#### Material supplied
* * * *
definition irreducible_on :: "'a set \<Rightarrow> ('a \<Rightarrow> 'a \<Rightarrow> complex) \<Rightarrow> bool" where
  "irreducible_on V H \<longleftrightarrow>
     (\<forall>A. A \<subseteq> V \<longrightarrow> A \<noteq> {} \<longrightarrow> A \<noteq> V \<longrightarrow> (\<exists>i\<in>A. \<exists>j\<in>V - A. H i j \<noteq> 0))"

lemma off_diag_in_sectorD:
  "off_diag_in_sector V H \<phi> \<Longrightarrow> i \<in> V \<Longrightarrow> j \<in> V \<Longrightarrow> i \<noteq> j \<Longrightarrow> H i j \<noteq> 0 \<Longrightarrow> in_sector \<phi> (- H i j)"
  unfolding off_diag_in_sector_def by blast

text \<open>Eliminating a vertex with positive pivot at most doubles the sector angle; while the angle
  stays below \<open>\<pi>/2\<close> the two contributions to an entry cannot cancel.\<close>

lemma in_sector_neg_schur_compl:
  assumes sec: "off_diag_in_sector V H \<theta>" and t0: "0 < \<theta>" and t2: "2 * \<theta> \<le> pi / 2"
    and v: "v \<in> V" and r: "0 < r" and h: "H v v = of_real r"
    and i: "i \<in> V - {v}" and j: "j \<in> V - {v}" and ij: "i \<noteq> j"
    and nz: "H i j \<noteq> 0 \<or> H i v \<noteq> 0 \<and> H v j \<noteq> 0"
  shows "in_sector (2 * \<theta>) (- schur_compl H v i j)"
proof -
  have split: "- schur_compl H v i j = - H i j + (- H i v) * (- H v j) / of_real r"
    unfolding schur_compl_def h by simp
  have direct: "in_sector (2 * \<theta>) (- H i j)" if "H i j \<noteq> 0"
    using off_diag_in_sectorD[OF sec _ _ ij that] i j t0 by (auto intro: in_sector_mono)
  have path: "in_sector (2 * \<theta>) ((- H i v) * (- H v j) / of_real r)" if "H i v \<noteq> 0" "H v j \<noteq> 0"
  proof -
    have "in_sector (\<theta> + \<theta>) ((- H i v) * (- H v j))"
      using off_diag_in_sectorD[OF sec _ _ _ that(1)] off_diag_in_sectorD[OF sec _ _ _ that(2)] i j v t2 t0
      by (intro in_sector_mult) auto
    then show ?thesis
      by (simp add: in_sector_divide_of_real r flip: mult_2)
  qed
  show ?thesis
  proof (cases "H i j \<noteq> 0 \<and> H i v \<noteq> 0 \<and> H v j \<noteq> 0")
    case True
    then show ?thesis
      unfolding split using in_sector_add[OF _ t2 direct path] t0 by simp
  next
    case False
    then show ?thesis
      unfolding split using nz direct path by auto
  qed
qed

lemma off_diag_in_sector_schur_compl:
  assumes "off_diag_in_sector V H \<theta>" "0 < \<theta>" "2 * \<theta> \<le> pi / 2"
    and "v \<in> V" "0 < r" "H v v = of_real r"
  shows "off_diag_in_sector (V - {v}) (schur_compl H v) (2 * \<theta>)"
  unfolding off_diag_in_sector_def
  using in_sector_neg_schur_compl[OF assms] by (fastforce simp: schur_compl_def)

lemma schur_compl_nonzero:
  assumes "off_diag_in_sector V H \<theta>" "0 < \<theta>" "2 * \<theta> \<le> pi / 2"
    and "v \<in> V" "0 < r" "H v v = of_real r"
    and "i \<in> V - {v}" "j \<in> V - {v}" "i \<noteq> j" "H i j \<noteq> 0 \<or> H i v \<noteq> 0 \<and> H v j \<noteq> 0"
  shows "schur_compl H v i j \<noteq> 0"
  using in_sector_neg_schur_compl[OF assms] by (auto simp: in_sector_def)

lemma irreducible_on_schur_compl:
  assumes sec: "off_diag_in_sector V H \<theta>" and t0: "0 < \<theta>" and t2: "2 * \<theta> \<le> pi / 2"
    and v: "v \<in> V" and r: "0 < r" and h: "H v v = of_real r" and irr: "irreducible_on V H"
  shows "irreducible_on (V - {v}) (schur_compl H v)"
  unfolding irreducible_on_def
proof (intro allI impI)
  fix A assume A: "A \<subseteq> V - {v}" "A \<noteq> {}" "A \<noteq> V - {v}"
  note nonzero = schur_compl_nonzero[OF sec t0 t2 v r h]
  have "A \<subseteq> V" "A \<noteq> V"
    using A v by auto
  then obtain i j where i: "i \<in> A" and j: "j \<in> V - A" and hij: "H i j \<noteq> 0"
    using irr A(2) unfolding irreducible_on_def by blast
  show "\<exists>i\<in>A. \<exists>j\<in>V - {v} - A. schur_compl H v i j \<noteq> 0"
  proof (cases "j = v")
    case False
    then show ?thesis using i j hij A nonzero[of i j] by blast
  next
    case True
    txt \<open>The edge leaves \<open>A\<close> only through \<open>v\<close>; an edge leaving \<open>A \<union> {v}\<close> gives a path of length
      at most two to the outside.\<close>
    have "insert v A \<subseteq> V" "insert v A \<noteq> V"
      using A v by auto
    then obtain i' j' where i': "i' \<in> insert v A" and j': "j' \<in> V - insert v A" and hij': "H i' j' \<noteq> 0"
      using irr unfolding irreducible_on_def by blast
    show ?thesis
    proof (cases "i' = v")
      case True
      then have "schur_compl H v i j' \<noteq> 0"
        using nonzero[of i j'] i j' A hij hij' \<open>j = v\<close> by auto
      then show ?thesis using i j' by blast
    next
      case False
      then show ?thesis using i' j' hij' nonzero[of i' j'] A by blast
    qed
  qed
qed

lemma psd_on_irreducible_diag_pos:
  assumes fin: "finite V" and psd: "psd_on V H" and irr: "irreducible_on V H"
    and v: "v \<in> V" and V: "V \<noteq> {v}"
  shows "0 < Re (H v v)"
proof (rule ccontr)
  assume "\<not> 0 < Re (H v v)"
  then have "H v v = 0"
    using psd_on_diag[OF fin psd v] by (simp add: complex_eq_iff)
  then have "qform V H (\<lambda>j. 0 + (if j = v then 1 else 0)) = 0"
    using qform_add_indicator[OF fin v, of H "\<lambda>_. 0" 1] by (simp add: qform_def)
  then have "in_kernel V H (\<lambda>j. 0 + (if j = v then 1 else 0))"
    by (rule psd_on_in_kernel_if_qform_zero[OF fin psd])
  then have col: "H i v = 0" if "i \<in> V" for i
    using that fin v unfolding in_kernel_def by (simp add: if_distrib cong: if_cong)
  have "{v} \<subseteq> V" "{v} \<noteq> V"
    using v V by auto
  then obtain j where "j \<in> V - {v}" "H v j \<noteq> 0"
    using irr unfolding irreducible_on_def by blast
  then show False
    using col hermitian_onD[OF psd_on_hermitian[OF psd] v, of j] by simp
qed

lemma kernel_vanishes_if_vanishes_at:
  assumes "finite V" "card V = n" "psd_on V H" "irreducible_on V H" "off_diag_in_sector V H \<theta>"
    and "0 < \<theta>" "\<theta> \<le> pi / 2 ^ n" "in_kernel V H z" "k \<in> V" "z k = 0"
  shows "\<forall>j\<in>V. z j = 0"
  using assms
proof (induction n arbitrary: V H \<theta>)
  case 0
  then show ?case by auto
next
  case (Suc m)
  note fin = Suc.prems(1) and card = Suc.prems(2) and psd = Suc.prems(3) and irr = Suc.prems(4)
    and sec = Suc.prems(5) and t0 = Suc.prems(6) and tb = Suc.prems(7) and ker = Suc.prems(8)
    and k = Suc.prems(9) and zk = Suc.prems(10)
  show ?case
  proof (cases "m = 0")
    case True
    then obtain a where "V = {a}"
      using card card_1_singletonE by auto
    then show ?thesis using k zk by simp
  next
    case False
    have "card (V - {k}) = m"
      using card fin k by simp
    then have "V - {k} \<noteq> {}"
      using False by (metis card.empty)
    then obtain v where v: "v \<in> V" "v \<noteq> k"
      by blast
    define r where "r = Re (H v v)"
    have r: "0 < r" "H v v = of_real r"
      using psd_on_irreducible_diag_pos[OF fin psd irr v(1)] psd_on_diag[OF fin psd v(1)] v k
      by (auto simp: r_def)
    have "2 * \<theta> \<le> pi / 2 ^ m"
      using tb by (simp add: field_simps)
    moreover have "pi / 2 ^ m \<le> pi / 2"
      using False by (intro divide_left_mono) (auto simp: self_le_power)
    ultimately have t2: "2 * \<theta> \<le> pi / 2" "2 * \<theta> \<le> pi / 2 ^ m"
      by linarith+
    have rest: "\<forall>j\<in>V - {v}. z j = 0"
    proof (rule Suc.IH)
      show "psd_on (V - {v}) (schur_compl H v)"
        using psd_on_schur_compl[OF fin psd v(1)] r by simp
      show "irreducible_on (V - {v}) (schur_compl H v)"
        by (rule irreducible_on_schur_compl[OF sec t0 t2(1) v(1) r irr])
      show "off_diag_in_sector (V - {v}) (schur_compl H v) (2 * \<theta>)"
        by (rule off_diag_in_sector_schur_compl[OF sec t0 t2(1) v(1) r])
      show "in_kernel (V - {v}) (schur_compl H v) z"
        using in_kernel_schur_compl[OF fin v(1) _ ker] r by simp
    qed (use fin card v k zk t0 t2 in auto)
    have "H v v * z v + (\<Sum>j\<in>V - {v}. H v j * z j) = 0"
      using ker v(1) sum.remove[OF fin v(1), of "\<lambda>j. H v j * z j"] unfolding in_kernel_def by simp
    then have "z v = 0"
      using rest r by simp
    then show ?thesis
      using rest by blast
  qed
qed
* * * *
What do the lines of the material read, from the first through the line with "using off_diag_in_sectorD[OF sec _ _ _"? Transcribe them exactly and stop there.

#### Written reply
definition irreducible_on :: "'a set \<Rightarrow> ('a \<Rightarrow> 'a \<Rightarrow> complex) \<Rightarrow> bool" where
  "irreducible_on V H \<longleftrightarrow>
     (\<forall>A. A \<subseteq> V \<longrightarrow> A \<noteq> {} \<longrightarrow> A \<noteq> V \<longrightarrow> (\<exists>i\<in>A. \<exists>j\<in>V - A. H i j \<noteq> 0))"

lemma off_diag_in_sectorD:
  "off_diag_in_sector V H \<phi> \<Longrightarrow> i \<in> V \<Longrightarrow> j \<in> V \<Longrightarrow> i \<noteq> j \<Longrightarrow> H i j \<noteq> 0 \<Longrightarrow> in_sector \<phi> (- H i j)"
  unfolding off_diag_in_sector_def by blast

text \<open>Eliminating a vertex with positive pivot at most doubles the sector angle; while the angle
  stays below \<open>\<pi>/2\<close> the two contributions to an entry cannot cancel.\<close>

lemma in_sector_neg_schur_compl:
  assumes sec: "off_diag_in_sector V H \<theta>" and t0: "0 < \<theta>" and t2: "2 * \<theta> \<le> pi / 2"
    and v: "v \<in> V" and r: "0 < r" and h: "H v v = of_real r"
    and i: "i \<in> V - {v}" and j: "j \<in> V - {v}" and ij: "i \<noteq> j"
    and nz: "H i j \<noteq> 0 \<or> H i v \<noteq> 0 \<and> H v j \<noteq> 0"
  shows "in_sector (2 * \<theta>) (- schur_compl H v i j)"
proof -
  have split: "- schur_compl H v i j = - H i j + (- H i v) * (- H v j) / of_real r"
    unfolding schur_compl_def h by simp
  have direct: "in_sector (2 * \<theta>) (- H i j)" if "H i j \<noteq> 0"
    using off_diag_in_sectorD[OF sec _ _ ij that] i j t0 by (auto intro: in_sector_mono)
  have path: "in_sector (2 * \<theta>) ((- H i v) * (- H v j) / of_real r)" if "H i v \<noteq> 0" "H v j \<noteq> 0"
  proof -
    have "in_sector (\<theta> + \<theta>) ((- H i v) * (- H v j))"
      using off_diag_in_sectorD[OF sec _ _ _ that(1)] off_diag_in_sectorD[OF sec _ _ _ that(2)] i j v t2 t0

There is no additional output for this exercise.